Remembrance of Things Lost

Everything I remember in life revolves around forgetting. Pencils, erasers, books, keys, friends, poems and things of every conceivable kind. With apologies to M. Proust, here’s to forgetfulness.

Pens:
I have always had an almost fanatic fascination for pens – and an equally unfathomable talent for losing them at regular intervals. I distinctly remember a thick blue Camlin pen that I lost in primary school. It had a transparent part in the middle through which you could see the ink moving up and down as you wrote. It leaked near the grip and I used to seal it quite unsuccessfully with soap. However carefully I wrote, I would come home with interestingly inky palms to the horror of my mother. In the years ahead, I would go on to lose pens of different kinds and colours. I remember being really upset twice – when I lost a deep green Chinese made Hero Fountain and when I misplaced a new Cross ball pen. I am writing this post with a hardworking matte black regular Parker fountain (incidentally, I write all my posts longhand before I type it into the computer)  and hope to hold on to it for a long time.

Books:
Recently, I spent a bomb on a poetry book – An Anthology of Contemporary Verse. The moment I leafed through it, I knew it was worth every paise. Like a new bride, I took it along with me wherever I went. I smelled the binding, read aloud from it, put it beside my bed and kept thinking of it when I wasn’t reading it until it went missing a month ago. I ransacked the shelves and settled into a nice depression.

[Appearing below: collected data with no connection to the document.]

(* Assume $K_1\subseteq K_2\subseteq\cdots\subseteq K_n\subseteq\mathbb F_q$ are subfields. Let $1\le h\le n$ and $p=\gamma_1X_1+\cdots+\gamma_hX_h+\eta\in\mathbb F_q[X_1,\dots,X_n]$ with $\gamma_1,\dots,\gamma_h,\eta\in\mathbb F_q$ and $\gamma_h\ne 0$, and let $j\in\{1,\dots,n\}$. Then there exists $\varphi\in\mathrm{Aff}(\mathcal X)$ with $X_j\circ\varphi=p$ if and only if $\gamma_i\in K_j$ for all $i\in\{1,\dots,h\}$, $\eta\in K_j$, and $K_h=K_j$.
   Context: $\mathcal X=K_1\times\cdots\times K_n\subseteq\mathbb F_q^n$. $\mathrm{Aff}(\mathbb F_q^n)$ is the group of maps $\boldsymbol\alpha\mapsto A\boldsymbol\alpha+\boldsymbol\beta$ with $A\in GL(n,\mathbb F_q)$, $\boldsymbol\beta\in\mathbb F_q^n$. $\mathrm{Aff}(\mathcal X)$ is the set of maps $\varphi:\mathcal X\to\mathcal X$ of the form $\varphi=\psi|_{\mathcal X}$ with $\psi\in\mathrm{Aff}(\mathbb F_q^n)$ and $\psi(\mathcal X)=\mathcal X$; such $\psi$ is unique. For $f\in\mathbb F_q[X_1,\dots,X_n]$ and $\varphi=\psi|_{\mathcal X}\in\mathrm{Aff}(\mathcal X)$, $f\circ\varphi$ is the polynomial $f(\psi(X_1,\dots,X_n))$, where $(X_1,\dots,X_n)$ is viewed as a column vector. *)

theory Defs
  imports Main
begin

text \<open>The ambient finite field F_q is a type of class field and finite.
Vectors of F_q^n are functions nat to 'a, indexed by 1..n, and zero outside 1..n.\<close>

definition is_subfield :: "'a::field set \<Rightarrow> bool" where
  "is_subfield K \<longleftrightarrow> 0 \<in> K \<and> 1 \<in> K \<and>
     (\<forall>x\<in>K. \<forall>y\<in>K. x + y \<in> K \<and> x * y \<in> K) \<and>
     (\<forall>x\<in>K. - x \<in> K) \<and> (\<forall>x\<in>K. x \<noteq> 0 \<longrightarrow> inverse x \<in> K)"

definition vecs :: "nat \<Rightarrow> (nat \<Rightarrow> 'a::zero) set" where
  "vecs n = {x. \<forall>i. i \<notin> {1..n} \<longrightarrow> x i = 0}"

definition prodset :: "nat \<Rightarrow> (nat \<Rightarrow> 'a::zero set) \<Rightarrow> (nat \<Rightarrow> 'a) set" where
  "prodset n K = {x \<in> vecs n. \<forall>i\<in>{1..n}. x i \<in> K i}"

definition invertible_mat_n :: "nat \<Rightarrow> (nat \<Rightarrow> nat \<Rightarrow> 'a::field) \<Rightarrow> bool" where
  "invertible_mat_n n A \<longleftrightarrow> (\<exists>B. \<forall>i\<in>{1..n}. \<forall>k\<in>{1..n}.
      (\<Sum>l=1..n. A i l * B l k) = (if i = k then 1 else 0) \<and>
      (\<Sum>l=1..n. B i l * A l k) = (if i = k then 1 else 0))"

definition aff_map :: "nat \<Rightarrow> (nat \<Rightarrow> nat \<Rightarrow> 'a::field) \<Rightarrow> (nat \<Rightarrow> 'a) \<Rightarrow> (nat \<Rightarrow> 'a) \<Rightarrow> (nat \<Rightarrow> 'a)" where
  "aff_map n A \<beta> x = (\<lambda>i. if i \<in> {1..n} then (\<Sum>k=1..n. A i k * x k) + \<beta> i else 0)"

text \<open>Polynomials of total degree at most 1 in F_q[X_1,...,X_n], represented exactly by
their coefficients: a pair (c, d) stands for c 1 X_1 + ... + c n X_n + d, with c zero
outside 1..n (so equality of pairs is equality of polynomials).\<close>
type_synonym 'a lin_poly = "(nat \<Rightarrow> 'a) \<times> 'a"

This one, though has a happy ending. A week ago, I came upon the book hidden away among a host of other books. Yet in my long illustrious tradition of losing books, this is the only time I remember one being found.

Friends:
Nehemiah was Jewish. He was part of the small Jewish community that had lived in Cochin for hundreds of years. Seated next to each other in primary school, we used to talk, I think, about Malayalam film stories in which the superstars of the time, Prem Nazir and Jayan would effortlessly vanquish the mafia and the smugglers. He was small, pleasant and wore his hair slightly long so that they curled over his ears. I was fascinated about his traditions and the idea of having him as a friend. When he stopped coming to school, I heard that their family migrated to Israel and would not return.

The thing about friends is that they are not really lost. They disappear and appear in different guises – with lesser hair (in rare instances with longer hair), wider girths, with husbands or wives, with children – at the most unexpected places.

Except George. We were in college together and had some of the most complex, long winded discussions on everything under the sun in his cosy room upstairs while his mother kept us going with tea and biscuits. We read books aloud and fought over them. We went on long bike rides on his steel grey Yamaha reciting Keats out aloud. Just like that, we drifted away until I visited him recently. The room was the same, his mother looked the same and George looked just the same. We settled down with tea and biscuits and promptly set off on poems and books, just about where we had left off thirteen odd years ago.

Poems:
When it comes to losing poems, you really don’t know whether you have lost a poem or not. When I have an idea for a poem, mostly while travelling, I promptly start working on it on my mind. Invariably I get a phone call or have to get off some place, and I lose track of the thought. Later, after having lost the thread, I wonder whether what I had lost was a poem at all – and in most cases, I cannot tell. Going by the odds, the chances are that I have lost many poems. On the other hand, I believe that if a poem is desperate enough, it will get itself written.

The poems that are truly lost are the ones I have completed and misplaced. Recently, I came upon an old notebook and realized that many of the poems were quite trivial and lacked intensity. That, in a sense, set me at ease – except for one poem that keeps nagging me. I remember writing it in college and cannot, for the life of me remember it except that it was about an ant with breasts wading through a sea of dust at 2 am in the morning.

On second thoughts, I think I am glad that some poems remain lost forever.